OBJECTIVE: To compare Cohen's guidelines for small (0.2), medium (0.5), and large (0.8) effect sizes with empirical estimates for a cancer-specific health-related quality-of-life questionnaire (HRQOL), the Functional Assessment of Cancer Therapy - General (FACT-G). METHODS: Seventy-one papers satisfied inclusion criteria for meta-analysis. Blinded to the HRQOL results, three "experts" (with expertise in interpreting the FACT-G questionnaire and managing cancer patients), predicted the relative magnitude of HRQOL mean differences. Size classes (small, medium, large) were defined in terms of relevance to clinical decision making. The experts worked independently and based their predictions on patient characteristics and clinical circumstances. Their judgments were linked with FACT-G results and inverse-variance-weighted mean effect sizes calculated for each size class. RESULTS: At least two experts were perfectly concordant and up to one was discordant by at most one size category for 833 of the mean differences; for these, weighted kappas were generally in the "substantial" range (0.60-0.79). Of these mean differences, 617 were cross-sectional; small, medium, and large mean effect sizes were physical well-being 0.42, 0.87, 1.6; functional well-being 0.37, 0.71, 1.6; emotional well-being 0.32, 0.40, no large differences; and social well-being 0.14, 0.23, no large differences. Two hundred and sixteen longitudinal mean differences yielded small and medium effect sizes: physical well-being 0.26, 0.34; functional well-being 0.14, 0.28; emotional well-being 0.27, 0.23; and social well-being 0.08, 0.01. There was virtually no evidence for large longitudinal effects. CONCLUSION: These results provide specific, evidence-based alternatives to Cohen's generic guidelines, for use in sample-size calculations for the FACT-G and interpretation of the clinical significance of effects measured with FACT-G.

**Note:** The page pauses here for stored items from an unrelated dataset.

text \<open>Take \<open>\<mu> = \<surd>2\<close>. Since \<open>\<surd>2\<close> is badly approximable,
  \<open>|1 - exp (2\<pi>i q\<surd>2)| \<ge> 1/(2q)\<close>. Hence if \<open>|u (q' n)| \<ge> \<epsilon>\<close> for all \<open>n\<close>, the coefficient
  of \<open>z ^ (q' n + 1)\<close> has modulus at least \<open>\<epsilon> / (2 q' n)\<close>, which only decays polynomially
  along \<open>q' n \<rightarrow> \<infinity>\<close>, so the series diverges at every \<open>r > 1\<close>. On the other hand \<open>q' n \<ge> n\<close>,
  so the coefficients grow at most linearly and the radius is at least \<open>1\<close>. The sequences
  bounded away from \<open>0\<close> on the range of \<open>q'\<close> form an open dense subset of \<open>l\<^sup>\<infinity>\<close>, and the
  constant sequence \<open>1\<close> is one of them.\<close>

lemma norm_1_minus_exp_i:
  "norm (1 - exp (\<i> * complex_of_real y)) = 2 * \<bar>sin (y / 2)\<bar>"
proof -
  have e: "exp (\<i> * complex_of_real y) = Complex (cos y) (sin y)"
    by (simp add: exp_Euler cos_of_real sin_of_real Complex_eq)
  have "norm (1 - exp (\<i> * complex_of_real y)) = sqrt ((1 - cos y)\<^sup>2 + (sin y)\<^sup>2)"
    by (simp add: e cmod_def)
  also have "(1 - cos y)\<^sup>2 + (sin y)\<^sup>2 = 2 - 2 * cos y"
    using sin_cos_squared_add[of y] by (simp add: power2_eq_square algebra_simps)
  also have "\<dots> = (2 * sin (y / 2))\<^sup>2"
    using cos_double_sin[of "y / 2"] by (simp add: power2_eq_square)
  finally show ?thesis
    by (simp only: real_sqrt_abs)
qed

lemma sin_ge_third:
  assumes "0 \<le> t" "t \<le> pi / 2"
  shows "t / 3 \<le> sin t"
proof -
  have "\<bar>sin t - (\<Sum>m<3. sin_coeff m * t ^ m)\<bar> \<le> inverse (fact 3) * \<bar>t\<bar> ^ 3"
    by (rule Maclaurin_sin_bound)
  then have "\<bar>sin t - t\<bar> \<le> t ^ 3 / 6"
    using assms by (simp add: sin_coeff_def numeral_3_eq_3 lessThan_Suc fact_numeral eval_nat_numeral)
  moreover have "t\<^sup>2 \<le> 2\<^sup>2"
    using assms pi_less_4 by (intro power_mono) auto
  then have "t ^ 3 \<le> 4 * t"
    using assms by (simp add: power2_eq_square power3_eq_cube mult_right_mono)
  ultimately show ?thesis
    by linarith
qed

lemma norm_1_minus_exp_ge_dist_round:
  "2 * \<bar>x - of_int (round x)\<bar> \<le> norm (1 - exp (2 * pi * \<i> * complex_of_real x))"
proof -
  define d where "d = x - of_int (round x)"
  have d: "\<bar>d\<bar> \<le> 1 / 2"
    using of_int_round_abs_le[of x] by (simp add: d_def abs_minus_commute)
  have "0 \<le> sin (pi * \<bar>d\<bar>)"
    using d by (intro sin_ge_zero) (auto simp: mult_left_le)
  then have sin_abs: "\<bar>sin (pi * d)\<bar> = sin (pi * \<bar>d\<bar>)"
    by (cases "0 \<le> d") (auto simp: abs_if)
  have "\<bar>d\<bar> \<le> pi * \<bar>d\<bar> / 3"
    using pi_gt3 mult_right_mono[of 3 pi "\<bar>d\<bar>"] by (simp add: mult.commute)
  also have "\<dots> \<le> sin (pi * \<bar>d\<bar>)"
    using d by (intro sin_ge_third) (auto simp: mult_left_le)
  finally have "2 * \<bar>d\<bar> \<le> 2 * \<bar>sin (pi * d)\<bar>"
    by (simp add: sin_abs)
  moreover have "2 * pi * \<i> * complex_of_real x
      = \<i> * complex_of_real (2 * pi * d) + \<i> * (of_int (round x) * (of_real pi * 2))"
    by (simp add: d_def algebra_simps)
  then have "norm (1 - exp (2 * pi * \<i> * complex_of_real x)) = 2 * \<bar>sin (pi * d)\<bar>"
    by (simp only: exp_plus_2pin norm_1_minus_exp_i) simp
  ultimately show ?thesis
    by (simp add: d_def)
qed

lemma nat_square_neq_double_square:
  fixes p q :: nat
  assumes "0 < q"
  shows "p\<^sup>2 \<noteq> 2 * q\<^sup>2"
  using assms
proof (induction p arbitrary: q rule: less_induct)
  case (less p)
  show ?case
  proof
    assume eq: "p\<^sup>2 = 2 * q\<^sup>2"
    then have "even p"
      by (metis dvd_triv_left even_power)
    then obtain a where a: "p = 2 * a" ..
    with eq have "q\<^sup>2 = 2 * a\<^sup>2"
      by (simp add: power_mult_distrib)
    then have "even q"
      by (metis dvd_triv_left even_power)
    then obtain b where b: "q = 2 * b" ..
    with \<open>q\<^sup>2 = 2 * a\<^sup>2\<close> have "a\<^sup>2 = 2 * b\<^sup>2"
      by (simp add: power_mult_distrib)
    moreover have "0 < b"
      using b less.prems by simp
    moreover have "a < p"
      using a eq less.prems by (cases "a = 0") auto
    ultimately show False
      using less.IH by blast
  qed
qed

lemma int_square_neq_double_square:
  fixes p q :: int
  assumes "q \<noteq> 0"
  shows "p\<^sup>2 \<noteq> 2 * q\<^sup>2"
proof
  assume "p\<^sup>2 = 2 * q\<^sup>2"
  then have "int ((nat \<bar>p\<bar>)\<^sup>2) = int (2 * (nat \<bar>q\<bar>)\<^sup>2)"
    by simp
  then have "(nat \<bar>p\<bar>)\<^sup>2 = 2 * (nat \<bar>q\<bar>)\<^sup>2"
    by (simp only: of_nat_eq_iff)
  with assms nat_square_neq_double_square[of "nat \<bar>q\<bar>"] show False
    by simp
qed

text \<open>Liouville's argument for the quadratic irrational \<open>\<surd>2\<close>: \<open>|2q\<^sup>2 - p\<^sup>2| \<ge> 1\<close> and
  \<open>2q\<^sup>2 - p\<^sup>2 = (q\<surd>2 - p)(q\<surd>2 + p)\<close>.\<close>

lemma sqrt2_dist_int_ge:
  fixes q :: nat and p :: int
  assumes "1 \<le> q"
  shows "1 / (4 * real q) \<le> \<bar>real q * sqrt 2 - of_int p\<bar>"
proof (cases "\<bar>real q * sqrt 2 - of_int p\<bar> \<le> 1 / 2")
  case False
  have "1 / (4 * real q) \<le> 1 / 2"
    using assms by (simp add: divide_simps)
  with False show ?thesis
    by linarith
next
  case True
  define d where "d = real q * sqrt 2 - of_int p"
  have "p\<^sup>2 \<noteq> 2 * (int q)\<^sup>2"
    using assms int_square_neq_double_square[of "int q" p] by simp
  then have "1 \<le> \<bar>real_of_int (2 * (int q)\<^sup>2 - p\<^sup>2)\<bar>"
    by linarith
  also have "real_of_int (2 * (int q)\<^sup>2 - p\<^sup>2) = d * (real q * sqrt 2 + of_int p)"
    by (simp add: d_def power2_eq_square algebra_simps)
  also have "\<bar>d * (real q * sqrt 2 + of_int p)\<bar> \<le> \<bar>d\<bar> * (4 * real q)"
  proof -
    have "sqrt 2 \<le> 3 / 2"
      by (rule real_le_lsqrt) (auto simp: power2_eq_square)
    then have "real q * sqrt 2 \<le> real q * (3 / 2)"
      by (intro mult_left_mono) auto
    moreover have "0 \<le> real q * sqrt 2"
      by simp
    ultimately have "\<bar>real q * sqrt 2 + of_int p\<bar> \<le> 4 * real q"
      using True assms by linarith
    then show ?thesis
      by (simp add: abs_mult mult_left_mono)
  qed
  finally show ?thesis
    using assms by (simp add: d_def field_simps)
qed

lemma norm_1_minus_exp_sqrt2_ge:
  assumes "1 \<le> q"
  shows "1 / (2 * real q) \<le> norm (1 - exp (2 * pi * \<i> * of_nat q * complex_of_real (sqrt 2)))"
proof -
  let ?x = "real q * sqrt 2"
  have "1 / (2 * real q) = 2 * (1 / (4 * real q))"
    by simp
  also have "\<dots> \<le> 2 * \<bar>?x - of_int (round ?x)\<bar>"
    using sqrt2_dist_int_ge[OF assms, of "round ?x"] by simp
  also have "\<dots> \<le> norm (1 - exp (2 * pi * \<i> * complex_of_real ?x))"
    by (rule norm_1_minus_exp_ge_dist_round)
  finally show ?thesis
    by (simp add: mult.assoc)
qed

lemma conv_radius_ge_1_if_linear_bound:
  fixes c :: "nat \<Rightarrow> 'a :: {banach, real_normed_div_algebra}"
  assumes "\<And>m. norm (c m) \<le> C * real (Suc m)"
  shows "1 \<le> conv_radius c"
proof (rule conv_radius_geI_ex')
  fix r :: real
  assume r: "0 < r" "ereal r < 1"
  have "summable (\<lambda>n. diffs (\<lambda>_. 1 :: real) n * r ^ n)"
    by (rule termdiff_converges[of _ 1]) (use r in \<open>auto intro: summable_geometric\<close>)
  then have "summable (\<lambda>n. C * (real (Suc n) * r ^ n))"
    by (intro summable_mult) (simp add: diffs_def)
  moreover have "norm (c n * of_real r ^ n) \<le> C * (real (Suc n) * r ^ n)" for n
    using mult_right_mono[OF assms[of n], of "r ^ n"] r by (simp add: norm_mult norm_power)
  ultimately show "summable (\<lambda>n. c n * of_real r ^ n)"
    by (rule summable_comparison_test')
qed

lemma conv_radius_le_1_if_inverse_lower_bound:
  fixes c :: "nat \<Rightarrow> 'a :: {banach, real_normed_div_algebra}"
  assumes Q: "filterlim Q at_top sequentially" and "0 < \<delta>"
    and lower: "\<forall>\<^sub>F n in sequentially. \<delta> / real (Q n) \<le> norm (c (Q n))"
  shows "conv_radius c \<le> 1"
proof (rule conv_radius_leI_ex')
  fix r :: real
  assume "0 < r" "1 < ereal r"
  then have "1 < r"
    by simp
  have bound: "\<forall>\<^sub>F n in sequentially. \<delta> * (r - 1) \<le> norm (c (Q n) * of_real r ^ Q n)"
    using lower filterlim_at_top[THEN iffD1, OF Q, rule_format, of 1]
  proof eventually_elim
    case (elim n)
    have "1 + real (Q n) * (r - 1) \<le> (1 + (r - 1)) ^ Q n"
      using \<open>1 < r\<close> by (intro Bernoulli_inequality) auto
    then have "\<delta> / real (Q n) * (real (Q n) * (r - 1)) \<le> norm (c (Q n)) * r ^ Q n"
      using elim \<open>0 < \<delta>\<close> \<open>1 < r\<close> by (intro mult_mono) auto
    then show ?case
      using elim \<open>0 < r\<close> by (simp add: norm_mult norm_power)
  qed
  have pos: "\<delta> * (r - 1) > 0"
    using \<open>0 < \<delta>\<close> \<open>1 < r\<close> by simp
  show "\<not> summable (\<lambda>n. c n * of_real r ^ n)"
  proof
    assume "summable (\<lambda>n. c n * of_real r ^ n)"
    then have "(\<lambda>n. c (Q n) * of_real r ^ Q n) \<longlonglongrightarrow> 0"
      using filterlim_compose[OF summable_LIMSEQ_zero Q] by blast
    then have "\<forall>\<^sub>F n in sequentially. norm (c (Q n) * of_real r ^ Q n) < \<delta> * (r - 1)"
      using pos by (rule order_tendstoD(2)[OF tendsto_norm_zero, unfolded norm_zero])
    with bound have "\<forall>\<^sub>F n in sequentially. False"
      by eventually_elim auto
    then show False
      by simp
  qed
qed simp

Meta-analysis provides evidence-based interpretation guidelines for the clinical significance of mean differences for the FACT-G, a cancer-specific quality of life questionnaire.

Our aim was to develop evidence-based interpretation guidelines for the Functional Assessment of Cancer Therapy-General (FACT-G), a cancer-specific health-related quality of life (HRQOL) instrument, from a range of clinically relevant anchors, incorporating expert judgment about clinical significance. Three clinicians with many years' experience managing cancer patients and using HRQOL outcomes in clinical research reviewed 71 papers. Blinded to the FACT-G results, they considered the clinical anchors associated with each FACT-G mean difference, predicted which dimensions of HRQOL would be affected, and whether the effects would be trivial, small, moderate, or large. These size classes were defined in terms of clinical relevance. The experts' judgments were then linked with FACT-G mean differences, and inverse-variance weighted mean differences were calculated for each size class. Small, medium, and large differences (95% confidence interval) from 1,118 cross-sectional comparisons were as follows: physical well-being 1.9 (0.6-3.2), 4.1 (2.7-5.5), 8.7 (5.2-12); functional well-being 2.0 (0.5-3.5), 3.8 (2.0-5.5), 8.8 (4.3-13); emotional well-being 1.0 (0.1-2.6), 1.9 (0.3-3.5), no large differences; social well-being 0.7 (-0.7 to 2.1), 0.8 (-2.9 to 4.5), no large differences. Results from 436 longitudinal comparisons tended to be smaller than the corresponding cross-sectional results. These results augment other interpretation guidelines for FACT-G with information on sample size, power calculations, and interpretation of cancer clinical trials that use FACT-G.